As this week's bell ringer activities, we began the Time Capsule Project, completed an Interest Inventory, Mapped the Classroom (students in both schools created a diagram to keep in their notebooks to show where classmates at the other school were sitting), took a Faculty Facts quiz, and did #MyFavFriday activity, "About Me in a Tweet" via Wiffiti.
Let me just start by saying that this is by far the coolest thing we did all week to connect with one another! The idea was adapted from Sarah's Math = Love "First Days" post in which students were to finish the sentence "Math is..." in 140 characters. Sarah had a fantastic graphic for students to complete, but rather than have the students submit paper "tweets" (a challenge when EVERYTHING has to be faxed between schools), I used Wiffiti, an online message board. The activity's' directions, "Using only 140 characters, tell us about yourself. Post your response to Wiffiti." I had created a Wiffiti board prior to class time and uploaded a first day class picture along with a message with the directions.
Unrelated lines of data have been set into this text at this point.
lemma cycle_case:
  assumes "a \<in> set D"
  shows "r \<in> Lpp"
proof -
  obtain D' where D: "D = D' @ [a]" "a \<notin> set D'"
    using cycle_case_shape[OF assms] by blast
  have r_cycle: "r = [a] @ C @ [a] @ D' @ [a]"
    using r_eq D by simp
  have "C \<noteq> [] \<or> D' \<noteq> []"
    using hd_ne D by auto
  moreover have "C \<in> UET" "D' \<in> UET"
    using proper_factor_UET[of "[a]" C "a # D' @ [a]"] proper_factor_UET[of "a # C @ [a]" D' "[a]"]
      r_eq D by simp_all
  ultimately show ?thesis
    unfolding Lpp_def
    using r_cycle D(2) cycle_case_a_notin_C[OF D(1)] cycle_case_disjoint[OF D]
    by (intro CollectI disjI2 exI[of _ a] exI[of _ C] exI[of _ D']) simp
qed

lemma path_case_C_meets_D:
  assumes "a \<notin> set D"
  shows "set C \<inter> set D \<noteq> {}"
proof
  assume "set C \<inter> set D = {}"
  then have "set (a # C @ [a]) \<inter> set D = {}"
    using assms by auto
  moreover have "a # C @ [a] \<in> UET"
    using proper_factor_UET[of "[]" _ D] r_eq D_ne by simp
  moreover have "D \<in> UET"
    using proper_factor_UET[of "a # C @ [a]" D "[]"] r_eq by simp
  ultimately have "(a # C @ [a]) @ D \<in> UET"
    using UET_append_disjoint by blast
  then show False
    using mf r_eq by (simp add: min_forbidden_def)
qed

lemma path_case_letter_of_C_ends_D:
  assumes w: "w \<in> set C" and D: "D = D1 @ w # D2"
  shows "D2 = []"
proof (rule ccontr)
  assume "D2 \<noteq> []"
  obtain C1 C2 where C: "C = C1 @ w # C2"
    using split_list[OF w] by blast
  have "a # C1 @ w # C2 @ a # D1 @ [w] \<in> UET"
    using proper_factor_UET[of "[]" _ D2] r_eq C D \<open>D2 \<noteq> []\<close> by simp
  then have "C1 @ w # C2 @ a # D1 = D1 @ w # C2 @ a # C1"
    by (rule UET_path_swap)
  then have "hd (C1 @ [w]) = hd (D1 @ [w])"
    by (metis hd_append_Cons)
  moreover have "hd (C @ [a]) = hd (C1 @ [w])" "hd D = hd (D1 @ [w])"
    using C D by (simp_all add: hd_append)
  ultimately show False
    using hd_ne by simp
qed

lemma path_case_shape:
  assumes "a \<notin> set D"
  obtains Y b where "D = Y @ [b]" "b \<in> set C" "set C \<inter> set Y = {}"
proof -
  obtain b where b: "b \<in> set C" "b \<in> set D"
    using path_case_C_meets_D[OF assms] by blast
  then obtain Y D2 where "D = Y @ b # D2"
    by (meson split_list)
  then have D: "D = Y @ [b]"
    using path_case_letter_of_C_ends_D[OF b(1)] by simp
  moreover have "set C \<inter> set Y = {}"
  proof (rule ccontr)
    assume "set C \<inter> set Y \<noteq> {}"
    then obtain e where "e \<in> set C" "e \<in> set Y"
      by blast
    moreover obtain Y1 Y2 where "Y = Y1 @ e # Y2"
      using split_list[OF \<open>e \<in> set Y\<close>] by blast
    ultimately show False
      using path_case_letter_of_C_ends_D[of e Y1 "Y2 @ [b]"] D by simp
  qed
  ultimately show thesis
    using that b(1) by blast
qed

context
  fixes Y :: "'a list" and b :: 'a
  assumes D_eq: "D = Y @ [b]"
    and a_notin_D: "a \<notin> set D"
    and b_in_C: "b \<in> set C"
    and C_Y_disj: "set C \<inter> set Y = {}"
begin

lemma path_case_a_neq_b: "a \<noteq> b"
  using a_notin_D D_eq by auto

lemma path_case_b_notin_Y: "b \<notin> set Y"
  using b_in_C C_Y_disj by blast

lemma path_case_b_notin_after_a:
  assumes C: "C = C1 @ a # C2"
  shows "b \<notin> set C2"
proof
  assume "b \<in> set C2"
  then obtain Z1 Z2 where Z: "C2 = Z1 @ b # Z2"
    by (meson split_list)
  have "a # Z1 @ b # Z2 @ a # Y @ [b] \<in> UET"
    using proper_factor_UET[of "a # C1" _ "[]"] r_eq C Z D_eq by simp
  then have "Z1 @ b # Z2 @ a # Y = Y @ b # Z2 @ a # Z1"
    by (rule UET_path_swap)
  then have "hd (Z1 @ [b]) = hd D"
    using D_eq by (metis hd_append_Cons)
  moreover have "hd (C2 @ [a]) = hd (Z1 @ [b])"
    using Z by (simp add: hd_append)
  ultimately show False
    using first_edge_after[OF C] by simp
qed

lemma path_case_a_notin_C: "a \<notin> set C"
proof
  assume "a \<in> set C"
  then obtain C1 C2 where C: "C = C1 @ a # C2" "a \<notin> set C1"
    using split_list_first by metis
  have "b \<in> set C1"
    using b_in_C C path_case_b_notin_after_a[OF C(1)] path_case_a_neq_b by auto
  have "a \<in> set (C2 @ [a])"
    by simp
  then obtain V W where V: "C2 @ [a] = V @ a # W" "a \<notin> set V"
    using split_list_first by metis
  have "set V \<subseteq> insert a (set C2)"
    using arg_cong[OF V(1), of set] by auto
  with V(2) have "set V \<subseteq> set C2"
    by auto
  have "a # C1 @ a # V @ [a] \<in> UET"
    using proper_factor_UET[of "[]" _ "W @ D"] r_eq C(1) V(1) D_ne by simp
  then have "C1 @ a # V = V @ a # C1"
    by (rule UET_cycle_swap)
  then have "C1 = V"
    using append_Cons_eq_append_Cons_first C(2) V(2) by metis
  then show False
    using \<open>b \<in> set C1\<close> \<open>set V \<subseteq> set C2\<close> path_case_b_notin_after_a[OF C(1)] by auto
qed

lemma path_case_b_notin_X:
  assumes C: "C = X @ b # Z" and "b \<notin> set Z"
  shows "b \<notin> set X"
proof
  assume "b \<in> set X"
  then obtain X' R where X: "X = X' @ b # R" "b \<notin> set R"
    using split_list_last by metis
  have "b # R @ b # (Z @ a # Y) @ [b] \<in> UET"
    using proper_factor_UET[of "a # X'" _ "[]"] r_eq C X(1) D_eq by simp
  then have "R @ b # Z @ a # Y = (Z @ a # Y) @ b # R"
    by (rule UET_cycle_swap)
  moreover have "b \<notin> set (Z @ a # Y)"
    using assms(2) path_case_a_neq_b path_case_b_notin_Y by simp
  ultimately have "R = Z @ a # Y"
    using append_Cons_eq_append_Cons_first X(2) by metis
  then show False
    using path_case_a_notin_C C X(1) by simp
qed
With Wiffiti, students did not need a Twitter account, because the website had a space for them to type their response, but those with Twitter or Instagram were able to upload their pictures using the class #hashtag. As the responses began rolling in, the students in both locations went crazy as they saw classmates from 250 miles away communicating in real time through the use of their cell phones and computers. Why was this so exciting when kids do this daily via texting and email? It had to be that their messages were displayed jumbo-tron style through the class projector and on every computer screen in the room. The squeals of delight said it all!
5 comments:
I love it! This is why I love the power of the mathblogosphere. I read a post about writing a tweet about what trig is. Then, I decided to have my students write a tweet about what math is and blogged about it. Then, you read my post, and decided to have your students write a tweet about who they were.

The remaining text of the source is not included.